= TASK INSTRUCTIONS =
Lines of the data that contain the word "locale" are the ones to copy.

☆ ☆ ☆

lemma topspace_eq: "topspace T = carrier G"
  using topological_group by (simp add: topological_group_def)

lemma continuous_map_mult:
  assumes "continuous_map T T f" "continuous_map T T g"
  shows "continuous_map T T (\<lambda>z. f z \<otimes> g z)"
  using continuous_map_compose[OF continuous_map_pairedI[OF assms], of T "\<lambda>(x, y). x \<otimes> y"]
    topological_group
  by (simp add: topological_group_def o_def)

lemma continuous_map_inv:
  assumes "continuous_map T T f"
  shows "continuous_map T T (\<lambda>z. inv (f z))"
  using continuous_map_compose[OF assms, of T "\<lambda>x. inv x"] topological_group
  by (simp add: topological_group_def o_def)

lemma continuous_map_conj:
  assumes "x \<in> carrier G"
  shows "continuous_map T T (\<lambda>g. inv g \<otimes> x \<otimes> g)"
  using assms
  by (intro continuous_map_mult continuous_map_inv continuous_map_id[unfolded id_def])
     (simp_all add: topspace_eq)

lemma r_coset_eq_preimage:
  assumes "U \<subseteq> carrier G" "g \<in> carrier G"
  shows "U #> g = {z \<in> topspace T. z \<otimes> inv g \<in> U}"
proof -
  have "z \<in> U #> g \<longleftrightarrow> z \<in> carrier G \<and> z \<otimes> inv g \<in> U" for z
  proof
    assume "z \<in> U #> g"
    then obtain u where "u \<in> U" "z = u \<otimes> g" unfolding r_coset_def by blast
    then show "z \<in> carrier G \<and> z \<otimes> inv g \<in> U"
      using assms by (auto simp: m_assoc)
  next
    assume z: "z \<in> carrier G \<and> z \<otimes> inv g \<in> U"
    then have "z = (z \<otimes> inv g) \<otimes> g" using assms by (simp add: m_assoc)
    then show "z \<in> U #> g" using z unfolding r_coset_def by blast
  qed
  then show ?thesis by (auto simp: topspace_eq)
qed

lemma openin_r_coset:
  assumes "openin T U" "g \<in> carrier G"
  shows "openin T (U #> g)"
proof -
  have "continuous_map T T (\<lambda>z. z \<otimes> inv g)"
    using assms(2) by (intro continuous_map_mult continuous_map_id[unfolded id_def]) (simp add: topspace_eq)
  moreover have "U #> g = {z \<in> topspace T. z \<otimes> inv g \<in> U}"
    using r_coset_eq_preimage[OF openin_subset[OF assms(1), unfolded topspace_eq] assms(2)] .
  ultimately show ?thesis
    using openin_continuous_map_preimage assms(1) by simp
qed

lemma closedin_r_coset:
  assumes "closedin T U" "g \<in> carrier G"
  shows "closedin T (U #> g)"
proof -
  have "continuous_map T T (\<lambda>z. z \<otimes> inv g)"
    using assms(2) by (intro continuous_map_mult continuous_map_id[unfolded id_def]) (simp add: topspace_eq)
  moreover have "U #> g = {z \<in> topspace T. z \<otimes> inv g \<in> U}"
    using r_coset_eq_preimage[OF closedin_subset[OF assms(1), unfolded topspace_eq] assms(2)] .
  ultimately show ?thesis
    using closedin_continuous_map_preimage assms(1) by simp
qed

lemma openin_set_mult:
  assumes "openin T U" "A \<subseteq> carrier G"
  shows "openin T (U <#> A)"
proof -
  have "U <#> A = (\<Union>a\<in>A. U #> a)"
    unfolding set_mult_def r_coset_def by blast
  moreover have "openin T (U #> a)" if "a \<in> A" for a
    using openin_r_coset[OF assms(1)] that assms(2) by blast
  ultimately show ?thesis
    by auto
qed

lemma closedin_open_subgroup:
  assumes "subgroup H G" "openin T H"
  shows "closedin T H"
proof -
  have "H <#> (carrier G - H) = carrier G - H"
  proof (intro equalityI subsetI)
    fix z assume "z \<in> H <#> (carrier G - H)"
    then obtain h a where ha: "h \<in> H" "a \<in> carrier G" "a \<notin> H" "z = h \<otimes> a"
      unfolding set_mult_def by blast
    have "inv h \<otimes> z = a"
      using ha subgroup.mem_carrier[OF assms(1)] by (simp add: m_assoc[symmetric])
    have "z \<notin> H"
    proof
      assume "z \<in> H"
      then have "inv h \<otimes> z \<in> H"
        using ha(1) subgroup.m_closed[OF assms(1)] subgroup.m_inv_closed[OF assms(1)] by simp
      then show False using \<open>inv h \<otimes> z = a\<close> ha(3) by simp
    qed
    then show "z \<in> carrier G - H"
      using ha subgroup.mem_carrier[OF assms(1)] by simp
  next
    fix z assume "z \<in> carrier G - H"
    then have "z = \<one> \<otimes> z" "\<one> \<in> H"
      using subgroup.one_closed[OF assms(1)] by simp_all
    then show "z \<in> H <#> (carrier G - H)"
      using \<open>z \<in> carrier G - H\<close> unfolding set_mult_def by blast
  qed
  then have "openin T (carrier G - H)"
    using openin_set_mult[OF assms(2), of "carrier G - H"] by simp
  then show ?thesis
    using subgroup.subset[OF assms(1)] by (simp add: closedin_def topspace_eq)
qed

end

locale compact_group = group_topology +
  assumes compact: "compact_space T" and Hausdorff: "Hausdorff_space T"
begin

lemma finite_rcosets_open_subgroup:
  assumes "subgroup H G" "openin T H"
  shows "finite (rcosets H)"
proof -
  have "\<forall>R\<in>rcosets H. openin T R"
    using openin_r_coset[OF assms(2)] by (auto simp: RCOSETS_def)
  moreover have "topspace T \<subseteq> \<Union>(rcosets H)"
    using rcosets_part_G[OF assms(1)] by (simp add: topspace_eq)
  ultimately obtain \<F> where \<F>: "finite \<F>" "\<F> \<subseteq> rcosets H" "topspace T \<subseteq> \<Union>\<F>"
    using compact unfolding compact_space_alt by meson
  have "rcosets H \<subseteq> \<F>"
  proof
    fix R assume R: "R \<in> rcosets H"
    then obtain g where g: "g \<in> R" "g \<in> carrier G"
      using subgroup.rcosets_non_empty[OF assms(1) R] rcosets_part_G[OF assms(1)] by blast
    then obtain R' where "R' \<in> \<F>" "g \<in> R'"
      using \<F>(3) by (auto simp: topspace_eq)
    then have "R' = R"
      using rcos_disjoint[OF assms(1)] \<F>(2) R g(1) unfolding pairwise_def disjnt_def by blast
    then show "R \<in> \<F>" using \<open>R' \<in> \<F>\<close> by simp
  qed
  then show ?thesis using \<F>(1) finite_subset by blast
qed

lemma finite_carrier_FactGroup:
  assumes "H \<lhd> G" "openin T H"
  shows "finite (carrier (G Mod H))"
  using finite_rcosets_open_subgroup[OF normal_imp_subgroup[OF assms(1)] assms(2)]
  by (simp add: FactGroup_def)

lemma closedin_conj_class:
  assumes "x \<in> carrier G"
  shows "closedin T (conj_class G x)"
proof -
  have "conj_class G x = (\<lambda>g. inv g \<otimes> x \<otimes> g) ` topspace T"
    by (auto simp: conj_class_def topspace_eq)
  moreover have "compactin T ((\<lambda>g. inv g \<otimes> x \<otimes> g) ` topspace T)"
    by (rule image_compactin[OF compact[unfolded compact_space_def] continuous_map_conj[OF assms]])
  ultimately show ?thesis
    using compactin_imp_closedin[OF Hausdorff] by simp
qed

end

locale open_normal_chain = compact_group +
  fixes N :: "nat \<Rightarrow> 'a set"
  assumes normal_chain: "\<And>i. N i \<lhd> G"
    and openin_chain: "\<And>i. openin T (N i)"
    and chain_Suc_subset: "\<And>i. N (Suc i) \<subseteq> N i"
    and Inter_chain: "(\<Inter>i. N i) = {\<one>}"
begin

lemma subgroup_chain: "subgroup (N i) G"
  by (rule normal_imp_subgroup[OF normal_chain])

lemma decseq_chain: "decseq N"
  using chain_Suc_subset by (rule decseq_SucI)

lemma Inter_chain_r_coset:
  assumes "y \<in> carrier G"
  shows "(\<Inter>i. N i #> y) = {y}"
proof (intro equalityI subsetI)
  fix z assume "z \<in> (\<Inter>i. N i #> y)"
  then have z: "z \<in> carrier G" "z \<otimes> inv y \<in> (\<Inter>i. N i)"
    using r_coset_eq_preimage[OF subgroup.subset[OF subgroup_chain] assms] by (auto simp: topspace_eq)
  then have "z \<otimes> inv y = \<one>" using Inter_chain by simp
  then show "z \<in> {y}"
    using z(1) assms by (metis inv_equality inv_inv inv_closed singletonI)
next
  fix z assume "z \<in> {y}"
  then show "z \<in> (\<Inter>i. N i #> y)" using rcos_self[OF assms subgroup_chain] by simp
qed

lemma Inter_chain_set_mult:
  assumes "closedin T A"
  shows "(\<Inter>i. N i <#> A) = A"
proof
  have A: "A \<subseteq> carrier G"
    using closedin_subset[OF assms] by (simp add: topspace_eq)
  show "A \<subseteq> (\<Inter>i. N i <#> A)"
  proof
    fix y assume y: "y \<in> A"
    then have "y = \<one> \<otimes> y" using A by auto
    then show "y \<in> (\<Inter>i. N i <#> A)"
      using y subgroup.one_closed[OF subgroup_chain] unfolding set_mult_def by blast
  qed
  show "(\<Inter>i. N i <#> A) \<subseteq> A"
  proof
    fix y assume y: "y \<in> (\<Inter>i. N i <#> A)"
    have yc: "y \<in> carrier G"
      using y setmult_subset_G[OF subgroup.subset[OF subgroup_chain] A] by blast
    have "(\<Inter>i. A \<inter> (N i #> y)) \<noteq> {}"
    proof (rule compact_space_imp_nest[OF compact])
      show "closedin T (A \<inter> (N i #> y))" for i
        using assms closedin_r_coset[OF closedin_open_subgroup[OF subgroup_chain openin_chain] yc]
        by (rule closedin_Int)
      show "A \<inter> (N i #> y) \<noteq> {}" for i
      proof -
        obtain n a where na: "n \<in> N i" "a \<in> A" "y = n \<otimes> a"
          using y unfolding set_mult_def by blast
        then have "a = inv n \<otimes> y"
          using A subgroup.mem_carrier[OF subgroup_chain] by (auto simp: m_assoc[symmetric])
        then have "a \<in> N i #> y"
          using na(1) subgroup.m_inv_closed[OF subgroup_chain] unfolding r_coset_def by blast
        then show ?thesis using na(2) by blast
      qed
      show "decseq (\<lambda>i. A \<inter> (N i #> y))"
        using chain_Suc_subset by (intro decseq_SucI) (auto simp: r_coset_def)
    qed
    then obtain z where z: "z \<in> A" "\<And>i. z \<in> N i #> y" by blast
    then have "z = y" using Inter_chain_r_coset[OF yc] by blast
    then show "y \<in> A" using z(1) by simp
  qed
qed

lemma eventually_notin_chain_set_mult:
  assumes "closedin T A" "y \<notin> A"
  shows "\<forall>\<^sub>F i in sequentially. y \<notin> N i <#> A"
proof -
  obtain i where "y \<notin> N i <#> A"
    using Inter_chain_set_mult[OF assms(1)] assms(2) by blast
  moreover have "N j <#> A \<subseteq> N i <#> A" if "i \<le> j" for j
    using mono_set_mult[OF decseqD[OF decseq_chain that] order_refl] .
  ultimately show ?thesis
    unfolding eventually_sequentially by blast
qed

end

locale haar_group = compact_group +
  fixes \<mu> :: "'a measure"
  assumes haar: "normalised_haar_measure G T \<mu>"
begin

lemma prob_space_haar: "prob_space \<mu>"
  using haar by (simp add: normalised_haar_measure_def)

lemma openin_sets_haar:
  assumes "openin T U"
  shows "U \<in> sets \<mu>"
  using haar assms unfolding normalised_haar_measure_def borel_sets_of_def by simp

lemma measure_Union_rcosets:
  assumes L: "L \<lhd> G" "openin T L" and \<C>: "\<C> \<subseteq> carrier (G Mod L)"
  shows "measure \<mu> (\<Union>\<C>) = real (card \<C>) * measure \<mu> L"
proof -
  interpret L: normal L G by (rule L(1))
  interpret prob_space \<mu> by (rule prob_space_haar)
  have \<C>_rcosets: "\<C> \<subseteq> rcosets L" using \<C> by (simp add: FactGroup_def)
  have L_sets: "L \<in> sets \<mu>" using openin_sets_haar[OF L(2)] .
  have "measure \<mu> R = measure \<mu> L" if R: "R \<in> \<C>" for R
  proof -
    obtain g where g: "g \<in> carrier G" "R = L #> g"
      using R \<C>_rcosets by (auto simp: RCOSETS_def)
    then show ?thesis
      using haar L.coset_eq L_sets unfolding normalised_haar_measure_def by simp
  qed
  moreover have "measure \<mu> (\<Union>R\<in>\<C>. R) = (\<Sum>R\<in>\<C>. measure \<mu> R)"
  proof (rule finite_measure_finite_Union)
    show "finite \<C>"
      using finite_subset[OF \<C> finite_carrier_FactGroup[OF L]] .
    show "(\<lambda>R. R) ` \<C> \<subseteq> sets \<mu>"
      using \<C>_rcosets openin_sets_haar openin_r_coset[OF L(2)] by (auto simp: RCOSETS_def)
    show "disjoint_family_on (\<lambda>R. R) \<C>"
      using rcos_disjoint[OF L.subgroup_axioms] \<C>_rcosets
      unfolding disjoint_family_on_def pairwise_def disjnt_def by blast
  qed
  ultimately show ?thesis by simp
qed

☆ ☆ ☆

= TASK RESPONSE =
locale compact_group = group_topology +
locale open_normal_chain = compact_group +
locale haar_group = compact_group +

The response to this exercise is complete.